Тем временем приехал специально вызванный письмом ксендз Войновский. Сильно сконфуженные, братья Букоемские сидели во флигеле, не смея показать носа, и потому пан Циприанович принужден был сам рассказать обо всем случившемся, а ксендз слушал, слушал, от времени до времени хлопал себя по полам сутаны, но совсем не огорчался так сильно, как это предполагал пан Серафим.
— Если Мартьян умрет, — наконец сказал ксендз, — то Букоемским придется плохо, но если, как я думаю, он отлежится, тогда склонен предполагать, что он будет мстить им частным образом, не привлекая их к суду.
— Почему вы так думаете? — спросил пан Серафим.

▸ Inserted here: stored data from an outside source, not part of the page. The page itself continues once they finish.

lemma gram_majorant_le_boundD:
  assumes a: "\<And>i. 0 \<le> a i" and g: "\<And>i j. 0 \<le> g i j"
  shows "nx\<^sup>2 * gram_majorant n a ny g \<le> boundD n nx a ny g"
proof -
  define S where "S = (\<Sum>i=1..n. (a i)\<^sup>2)"
  define M where "M = Max ((\<lambda>(i, j). g i j) ` offdiag n)"
  have M_eq: "Max {g i j | i j. (i, j) \<in> offdiag n} = M"
    unfolding M_def by (rule arg_cong[where f = Max]) auto
  have diag: "(\<Sum>i=1..n. (a i)\<^sup>2 * (ny i)\<^sup>2) \<le> S * Max {(ny i)\<^sup>2 | i. i \<in> {1..n}}"
    unfolding S_def Setcompr_eq_image by (rule sum_mult_le_sum_mult_Max) auto
  have offdiag: "(\<Sum>(i, j)\<in>offdiag n. a i * a j * g i j) \<le> S * (real (n - 1) * M)"
  proof (cases "n \<le> 1")
    case True
    then have "offdiag n = {}"
      by (auto simp: offdiag_def)
    then show ?thesis
      using True by simp
  next
    case False
    then have "(1, 2) \<in> offdiag n"
      by (auto simp: offdiag_def)
    then have "0 \<le> M"
      unfolding M_def using g[of 1 2] by (intro order_trans[OF _ Max_ge]) auto
    have "(\<Sum>(i, j)\<in>offdiag n. a i * a j * g i j) \<le> (\<Sum>(i, j)\<in>offdiag n. a i * a j) * M"
      using sum_mult_le_sum_mult_Max[of "offdiag n" "\<lambda>(i, j). a i * a j" "\<lambda>(i, j). g i j"] a
      by (simp add: M_def split_def)
    also have "\<dots> \<le> real (n - 1) * S * M"
      unfolding S_def using \<open>0 \<le> M\<close> by (intro mult_right_mono sum_offdiag_mult_le)
    finally show ?thesis
      by (simp add: mult_ac)
  qed
  have "gram_majorant n a ny g \<le> S * (Max {(ny i)\<^sup>2 | i. i \<in> {1..n}} + real (n - 1) * M)"
    using diag offdiag by (simp add: gram_majorant_def distrib_left)
  then show ?thesis
    unfolding boundD_def S_def M_eq mult.assoc by (simp add: mult_left_mono)
qed
(* Let $J\subseteq\mathbb R$ be an open interval, $A:J\to\mathbb R$ of class $C^3$, and $x_0\in J$ with $A''(x_0)\neq0$; let $\kappa_0=A''(x_0)/s(x_0)^3$. If $\tilde\epsilon>0$ is sufficiently small, then there is $\tilde\delta>0$ with $\tilde I=(x_0-\tilde\delta,x_0+\tilde\delta)\subset J$ (namely the $\delta$ furnished by the following local statement applied with $\epsilon=\tilde\epsilon$: for every three-tuple $\mathbf z$ of distinct points of $\Gamma(\tilde I)=\{x+iA(x):x\in\tilde I\}$ one has $|c^2(\mathbf z)-\kappa_0^2|<\tilde\epsilon$, $|\mathtt S[\mathrm{Re}K_\Gamma](\mathbf z)-\frac32c^2(\mathbf z)|<\tilde\epsilon$ and $|\mathtt S[\mathrm{Im}K_\Gamma](\mathbf z)+\frac12c^2(\mathbf z)|<\tilde\epsilon$) such that for every three-tuple $\mathbf z$ of non-collinear points in $\Gamma(\tilde I)^3$, $$\Bigl|\frac{\mathtt S[\mathrm{Re}K_\Gamma](\mathbf z)}{c^2(\mathbf z)}-\frac32\Bigr|<\frac{\tilde\epsilon}{\kappa_0^2-\tilde\epsilon},\qquad \Bigl|\frac{\mathtt S[\mathrm{Im}K_\Gamma](\mathbf z)}{c^2(\mathbf z)}+\frac12\Bigr|<\frac{\tilde\epsilon}{\kappa_0^2-\tilde\epsilon}.$$
   Context: $\Gamma=\{x+iA(x): x\in J\}$, $s(x)=\sqrt{1+(A'(x))^2}$. The kernel (normalizing factor $1/(2\pi)$ omitted) is $K_\Gamma(w,z)=\dfrac{A'(x)-i}{s(x)\,[\,x-y+i(A(x)-A(y))\,]}$ for $w=x+iA(x)$, $z=y+iA(y)$, $x\neq y$. For $K$ defined off the diagonal and distinct $z_1,z_2,z_3$, $\mathtt S[K](\mathbf z)=\sum_{\sigma\in S_3}K(z_{\sigma(1)},z_{\sigma(2)})\overline{K(z_{\sigma(1)},z_{\sigma(3)})}$. The Menger curvature $c(\mathbf z)$ is $0$ for collinear points and otherwise the reciprocal of the radius of the circle through the three points. *)

theory Defs
  imports "HOL-Analysis.Analysis"
begin

definition C3_on :: "real set \<Rightarrow> (real \<Rightarrow> real) \<Rightarrow> bool" where
  "C3_on J A \<longleftrightarrow>
     (\<forall>x\<in>J. (A has_real_derivative deriv A x) (at x)
        \<and> (deriv A has_real_derivative deriv (deriv A) x) (at x)
        \<and> (deriv (deriv A) has_real_derivative deriv (deriv (deriv A)) x) (at x))
     \<and> continuous_on J (deriv (deriv (deriv A)))"

definition arclen_factor :: "(real \<Rightarrow> real) \<Rightarrow> real \<Rightarrow> real" where
  "arclen_factor A x = sqrt (1 + (deriv A x)^2)"

definition graph_curve :: "(real \<Rightarrow> real) \<Rightarrow> real set \<Rightarrow> complex set" where
  "graph_curve A I = (\<lambda>x. Complex x (A x)) ` I"

text \<open>The kernel K_Gamma(w,z) (without 1/(2 pi)), with w = x + iA(x), z = y + iA(y).\<close>
definition kernel :: "(real \<Rightarrow> real) \<Rightarrow> complex \<Rightarrow> complex \<Rightarrow> complex" where
  "kernel A w z =
     (let x = Re w; y = Re z in
      (complex_of_real (deriv A x) - \<i>) /
      (complex_of_real (arclen_factor A x) *
        (complex_of_real (x - y) + \<i> * complex_of_real (A x - A y))))"

definition triple :: "complex \<Rightarrow> complex \<Rightarrow> complex \<Rightarrow> nat \<Rightarrow> complex" where
  "triple z1 z2 z3 = (\<lambda>i. if i = 0 then z1 else if i = 1 then z2 else z3)"

definition symS :: "(complex \<Rightarrow> complex \<Rightarrow> complex) \<Rightarrow> complex \<Rightarrow> complex \<Rightarrow> complex \<Rightarrow> complex" where
  "symS K z1 z2 z3 =
     (let z = triple z1 z2 z3 in
      \<Sum>\<sigma> \<in> {\<sigma>. \<sigma> permutes {0,1,2::nat}}.
        K (z (\<sigma> 0)) (z (\<sigma> 1)) * cnj (K (z (\<sigma> 0)) (z (\<sigma> 2))))"

definition menger :: "complex \<Rightarrow> complex \<Rightarrow> complex \<Rightarrow> real" where
  "menger z1 z2 z3 =
     (if collinear {z1, z2, z3} then 0
      else 1 / (THE r. \<exists>p. dist p z1 = r \<and> dist p z2 = r \<and> dist p z3 = r))"

definition ReK :: "(real \<Rightarrow> real) \<Rightarrow> complex \<Rightarrow> complex \<Rightarrow> complex" where
  "ReK A w z = complex_of_real (Re (kernel A w z))"

definition ImK :: "(real \<Rightarrow> real) \<Rightarrow> complex \<Rightarrow> complex \<Rightarrow> complex" where
  "ImK A w z = complex_of_real (Im (kernel A w z))"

— Потому что неприятно выставлять себя на посмешище всей Речи Посполитой. Кроме того, должна была бы обнаружиться его история с панной Сенинской, а это не прибавило бы ему славы. Непохвальный образ жизни он вел, поэтому лучше ему не подвергать себя тому, чтобы свидетели принуждены были coram publico рассказать все, что они знают о нем.
— Может быть, это и верно, — возразил пан Циприанович, — но нельзя же простить Букоемским такую вольность.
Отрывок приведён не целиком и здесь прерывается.